Step 2. If the answer is yes, then determine if you have a secondary disturbance: a secondary disturbance means you're disturbing yourself about disturbing yourself. To put it another way, when your primary disturbance lies in your eating, Secondary disturbance means making yourself disturbed about eating too much and about gaining too much weight. Here's how it may manifest: suppose you notice you're eating more than is desirable. Primary disturbance: You tell yourself, "I must satisfy my craving for food right now and eat, I can't stand feeling deprived." Secondary disturbance: then as you are compulsively eating you think, "I must stop eating." You have a must about a must! Disturbing yourself about your problem doesn't help and only makes you feel worse. The demand often here is something like "I must not overeat." Demanding this of yourself is unrealistic, doesn't help, and only tends to make matters worse. A more realistic view would be something like, "I prefer not to overeat but clearly there's no law of the universe stating I must not. If I do, I do, I'll try to eat less next time."

Step 3. Remind yourself that you can accept yourself and still enjoy life and be productive with the extra pounds. Then why lose the weight? Because your life can be even better, satisfying, and more healthful without carrying around the extra pounds.

Step 4. Recognize eating too much and eating unhealthy food is a choice. You can choose to eat the ice cream or choose not to. You can choose to stop eating when you've had enough or choose to continue eating. You're not compelled to eat even though it may feel like you are and have no control. If you're skeptical imagine this: you are about to feast on your favorite ice cream. Someone shows up with a gun pointed at your head and threatens: "if you eat the ice cream I'll shoot." Clearly you decide to skip the ice cream.
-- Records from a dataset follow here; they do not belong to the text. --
(* $\mathrm{GL}_6(\mathbb{F}_2)$ does not contain a subgroup isomorphic to $\mathrm{PSL}_2(\mathbb{F}_8)\times C_2$. *)

theory Defs
  imports "HOL-Analysis.Analysis" "HOL-Algebra.Algebra"
begin

definition GL6 :: "('k::field ^ 6 ^ 6) monoid" where
  "GL6 = \<lparr>carrier = {A. invertible A}, mult = (**), one = mat 1\<rparr>"

definition SL2 :: "('k::field ^ 2 ^ 2) monoid" where
  "SL2 = \<lparr>carrier = {A. det A = 1}, mult = (**), one = mat 1\<rparr>"

definition SL2_centre :: "('k::field ^ 2 ^ 2) set" where
  "SL2_centre = {mat c | c. c * c = 1}"

definition PSL2 :: "('k::field ^ 2 ^ 2) set monoid" where
  "PSL2 = SL2 Mod SL2_centre"

definition C2 :: "int monoid" where
  "C2 = integer_mod_group 2"

end

theory Submission
  imports Defs "HOL-Number_Theory.Residues"
begin

text \<open>
  An element of order 9 in \<open>SL\<^sub>2(\<bbbF>\<^sub>8)\<close> is any matrix whose trace \<open>t\<close> satisfies
  \<open>t\<^sup>3 + t + 1 = 0\<close>; since \<open>PSL\<^sub>2(\<bbbF>\<^sub>8) = SL\<^sub>2(\<bbbF>\<^sub>8)\<close>, pairing it with the generator of
  \<open>C\<^sub>2\<close> gives an element of order 18 in \<open>PSL\<^sub>2(\<bbbF>\<^sub>8) \<times> C\<^sub>2\<close>. On the other hand no
  \<open>g \<in> GL\<^sub>6(\<bbbF>\<^sub>2)\<close> has order 18. The fixed spaces of the powers of \<open>g\<close> are subgroups of
  \<open>\<bbbF>\<^sub>2\<^sup>6\<close>, so they have \<open>2\<^sup>i\<close> elements, and \<open>g\<^sup>2\<close> permutes the vectors not fixed by \<open>g\<^sup>6\<close> in
  orbits of length 9. For \<open>i < 6\<close>, \<open>9\<close> divides \<open>64 - 2\<^sup>i\<close> only if \<open>i = 0\<close>, so \<open>g\<^sup>6\<close> fixes only 0;
  then the nonzero vectors fixed by the involution \<open>g\<^sup>9\<close> also fall into orbits of length 9,
  which is impossible because \<open>9\<close> does not divide \<open>2\<^sup>j - 1\<close> for \<open>1 \<le> j \<le> 5\<close>.
\<close>

section \<open>Periodic points\<close>

lemma funpow_apply_add: "(f ^^ m) ((f ^^ n) x) = (f ^^ (m + n)) x"
  by (simp add: funpow_add)

lemma funpow_mult_fixed:
  assumes "(f ^^ n) x = x"
  shows "(f ^^ (n * k)) x = x"
  by (induction k) (simp_all add: funpow_add assms)

lemma funpow_fixed_dvd:
  assumes "d dvd n" "(f ^^ d) x = x"
  shows "(f ^^ n) x = x"
  using assms funpow_mult_fixed by (metis dvdE)

lemma funpow_mod_period:
  assumes "(f ^^ n) x = x"
  shows "(f ^^ m) x = (f ^^ (m mod n)) x"
proof -
  have "(f ^^ m) x = (f ^^ (m mod n)) ((f ^^ (n * (m div n))) x)"
    by (simp add: funpow_apply_add)
  then show ?thesis using funpow_mult_fixed[OF assms] by simp
qed

lemma funpow_fixed_gcd:
  assumes "(f ^^ m) x = x" "(f ^^ n) x = x"
  shows "(f ^^ gcd m n) x = x"
  using assms
proof (induction m n rule: gcd_nat_induct)
  case (step m n)
  have "(f ^^ (m mod n)) x = x"
    using funpow_mod_period[OF step.prems(2), of m] step.prems(1) by simp
  then have "(f ^^ gcd n (m mod n)) x = x" using step.IH step.prems(2) by blast
  then show ?case by (simp add: gcd_non_0_nat step.hyps)
qed simp

lemma funpow_prime_power_exact_period:
  assumes p: "Factorial_Ring.prime p" and "(f ^^ (p ^ Suc k)) x = x" "(f ^^ (p ^ k)) x \<noteq> x"
    and "0 < j" "j < p ^ Suc k"
  shows "(f ^^ j) x \<noteq> x"
proof
  assume "(f ^^ j) x = x"
  then have fixed: "(f ^^ gcd j (p ^ Suc k)) x = x" by (rule funpow_fixed_gcd[OF _ assms(2)])
  have "gcd j (p ^ Suc k) dvd p ^ Suc k" by simp
  then obtain i where i: "i \<le> Suc k" "gcd j (p ^ Suc k) = p ^ i"
    using divides_primepow_nat[OF p] by blast
  have "gcd j (p ^ Suc k) \<le> j" using assms(4) by (simp add: gcd_le1_nat)
  then have "gcd j (p ^ Suc k) < p ^ Suc k" using assms(5) by linarith
  then have "i \<noteq> Suc k" using i(2) by (intro notI) simp
  then have "gcd j (p ^ Suc k) dvd p ^ k" using i by (simp add: le_imp_power_dvd)
  from funpow_fixed_dvd[OF this fixed] assms(3) show False by contradiction
qed

lemma funpow_inj_on_lessThan:
  assumes "(f ^^ n) x = x" "\<And>j. 0 < j \<Longrightarrow> j < n \<Longrightarrow> (f ^^ j) x \<noteq> x"
  shows "inj_on (\<lambda>i. (f ^^ i) x) {..<n}"
proof -
  have no_repeat: "(f ^^ i) x \<noteq> (f ^^ j) x" if "i < j" "j < n" for i j
  proof
    assume eq: "(f ^^ i) x = (f ^^ j) x"
    have "(f ^^ (n - j + i)) x = (f ^^ (n - j)) ((f ^^ j) x)"
      by (simp only: funpow_apply_add[symmetric] eq)
    also have "\<dots> = x"
      using assms(1) that(2) by (simp add: funpow_apply_add)
    finally have "(f ^^ (n - j + i)) x = x" .
    moreover have "0 < n - j + i" "n - j + i < n" using that by auto
    ultimately show False using assms(2)[of "n - j + i"] by simp
  qed
  show ?thesis
  proof (rule inj_onI)
    fix i j assume "i \<in> {..<n}" "j \<in> {..<n}" "(f ^^ i) x = (f ^^ j) x"
    with no_repeat[of i j] no_repeat[of j i] show "i = j"
      by (cases i j rule: linorder_cases) auto
  qed
qed

lemma funpow_orbit_preimage:
  assumes "(f ^^ n) x = x" "(f ^^ n) y = y" "0 < n" "f y \<in> (\<lambda>i. (f ^^ i) x) ` {..<n}"
  shows "y \<in> (\<lambda>i. (f ^^ i) x) ` {..<n}"
proof -
  obtain i where i: "f y = (f ^^ i) x" using assms(4) by auto
  have "(f ^^ (n - 1)) (f y) = (f ^^ Suc (n - 1)) y"
    by (simp only: funpow_Suc_right comp_apply)
  then have "y = (f ^^ (n - 1)) ((f ^^ i) x)" using assms(2,3) i by simp
  also have "\<dots> = (f ^^ ((n - 1 + i) mod n)) x"
    using funpow_mod_period[OF assms(1), of "n - 1 + i"] by (simp add: funpow_apply_add)
  finally show ?thesis by (rule image_eqI) (simp add: assms(3))
qed

lemma period_dvd_card:
  assumes "finite S" "0 < n" "\<And>x. x \<in> S \<Longrightarrow> f x \<in> S"
    and "\<And>x. x \<in> S \<Longrightarrow> (f ^^ n) x = x"
    and "\<And>x j. x \<in> S \<Longrightarrow> 0 < j \<Longrightarrow> j < n \<Longrightarrow> (f ^^ j) x \<noteq> x"
  shows "n dvd card S"
  using assms(1,3-5)
proof (induction S rule: finite_psubset_induct)
  case (psubset S)
  show ?case
  proof (cases "S = {}")
    case False
    then obtain x where x: "x \<in> S" by blast
    define orb where "orb = (\<lambda>i. (f ^^ i) x) ` {..<n}"
    have "(f ^^ i) x \<in> S" for i
      using x by (induction i) (simp_all add: psubset.prems(1))
    then have orb_S: "orb \<subseteq> S" by (auto simp: orb_def)
    have card_orb: "card orb = n"
      using funpow_inj_on_lessThan[OF psubset.prems(2)[OF x] psubset.prems(3)[OF x]]
      by (simp add: orb_def card_image)
    have "x \<in> orb" unfolding orb_def using assms(2) by (intro image_eqI[of _ _ 0]) simp_all
    then have "S - orb \<subset> S" using x by blast
    then have "n dvd card (S - orb)"
    proof (rule psubset.IH)
      fix y assume y: "y \<in> S - orb"
      then show "(f ^^ n) y = y" using psubset.prems(2) by simp
      show "f y \<in> S - orb"
      proof
        show "f y \<in> S" using y psubset.prems(1) by simp
        show "f y \<notin> orb"
        proof
          assume "f y \<in> orb"
          then have "y \<in> orb"
            unfolding orb_def
            by (rule funpow_orbit_preimage[OF psubset.prems(2)[OF x] \<open>(f ^^ n) y = y\<close> assms(2)])
          then show False using y by blast
        qed
      qed
      show "(f ^^ j) y \<noteq> y" if "0 < j" "j < n" for j
        using psubset.prems(3) y that by simp
    qed
    moreover have "card (S - orb) = card S - n"
      using card_orb orb_S psubset.hyps by (simp add: card_Diff_subset finite_subset)
    ultimately have "n dvd card S - n" by simp
    moreover have "n \<le> card S"
      using card_mono[OF psubset.hyps orb_S] card_orb by simp
    ultimately show ?thesis using dvd_diffD[OF _ dvd_refl] by blast
  qed simp
qed

lemma prime_power_period_dvd_card:
  assumes "Factorial_Ring.prime p" "finite S" "\<And>x. x \<in> S \<Longrightarrow> f x \<in> S"
    and "\<And>x. x \<in> S \<Longrightarrow> (f ^^ (p ^ Suc k)) x = x" "\<And>x. x \<in> S \<Longrightarrow> (f ^^ (p ^ k)) x \<noteq> x"
  shows "p ^ Suc k dvd card S"
proof (rule period_dvd_card[where f = f])
  show "0 < p ^ Suc k" using prime_gt_0_nat[OF assms(1)] by simp
  show "(f ^^ j) x \<noteq> x" if "x \<in> S" "0 < j" "j < p ^ Suc k" for x j
    using funpow_prime_power_exact_period[OF assms(1) assms(4,5)[OF that(1)] that(2,3)] .
qed (fact assms(2), fact assms(3), fact assms(4))

lemma prime_3: "Factorial_Ring.prime (3::nat)"
proof -
  have "{2..<3::nat} = {2}" by auto
  then show ?thesis by (simp add: prime_nat_iff')
qed

section \<open>Fixed points of additive maps on a group of order 64\<close>

definition additive_group :: "'a::ab_group_add monoid" where
  "additive_group = \<lparr>carrier = UNIV, mult = (+), one = 0\<rparr>"

lemma group_additive_group: "group (additive_group :: 'a::ab_group_add monoid)"
proof (rule groupI)
  fix x :: 'a
  show "\<exists>y \<in> carrier additive_group. y \<otimes>\<^bsub>additive_group\<^esub> x = \<one>\<^bsub>additive_group\<^esub>"
    by (rule bexI[of _ "- x"]) (simp_all add: additive_group_def)
qed (auto simp: additive_group_def add.assoc)

lemma carrier_additive_group [simp]: "carrier additive_group = UNIV"
  and mult_additive_group [simp]: "x \<otimes>\<^bsub>additive_group\<^esub> y = x + y"
  by (simp_all add: additive_group_def)

lemma inv_additive_group [simp]: "inv\<^bsub>additive_group\<^esub> x = - (x :: 'a::ab_group_add)"
  by (rule group.inv_equality[OF group_additive_group]) (simp_all add: additive_group_def)

lemma card_additive_subgroup_dvd:
  fixes S :: "'a::{ab_group_add,finite} set"
  assumes "0 \<in> S" "\<And>x y. x \<in> S \<Longrightarrow> y \<in> S \<Longrightarrow> x + y \<in> S" "\<And>x. x \<in> S \<Longrightarrow> - x \<in> S"
  shows "card S dvd CARD('a)"
proof -
  have "subgroup S additive_group"
    by (rule group.subgroupI[OF group_additive_group]) (use assms in auto)
  then have "card (rcosets\<^bsub>additive_group\<^esub> S) * card S = CARD('a)"
    using group.lagrange[OF group_additive_group] by (simp add: order_def)
  then show ?thesis by (metis dvd_triv_right)
qed

lemma funpow_additive:
  fixes f :: "'a::ab_group_add \<Rightarrow> 'a"
  assumes "\<And>x y. f (x + y) = f x + f y"
  shows "(f ^^ n) (x + y) = (f ^^ n) x + (f ^^ n) y"
  by (induction n) (simp_all add: assms)

lemma card_fixed_points_dvd:
  fixes f :: "'a::{ab_group_add,finite} \<Rightarrow> 'a"
  assumes add: "\<And>x y. f (x + y) = f x + f y"
  shows "card {x. f x = x} dvd CARD('a)"
proof (rule card_additive_subgroup_dvd)
  have zero: "f 0 = 0" using add[of 0 0] by simp
  show "0 \<in> {x. f x = x}" by (simp add: zero)
  show "x + y \<in> {x. f x = x}" if "x \<in> {x. f x = x}" "y \<in> {x. f x = x}" for x y
    using that by (simp add: add)
  show "- x \<in> {x. f x = x}" if "x \<in> {x. f x = x}" for x
    using that add[of "- x" x] by (simp add: zero eq_neg_iff_add_eq_0)
qed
Step 5. Go for unconditional self-acceptance (USA). You accept yourself unconditionally whether you overeat or you stay on your diet. Refuse to rate your total self based on the rating of your behavior. Whether you diet successfully or unsuccessfully you're still the same imperfect human who acts imperfectly. You always have been and you always will be.

Step 6. Go for unconditional life acceptance (ULA). You accept your life unconditionally with its frustrations, discomforts, and difficulties.

Practice implementing the above steps regularly. It's hard, but hard doesn't mean impossible. The good news: overeating is a choice. You can choose to stay on a reasonable eating regimen or choose not to. It's up to you!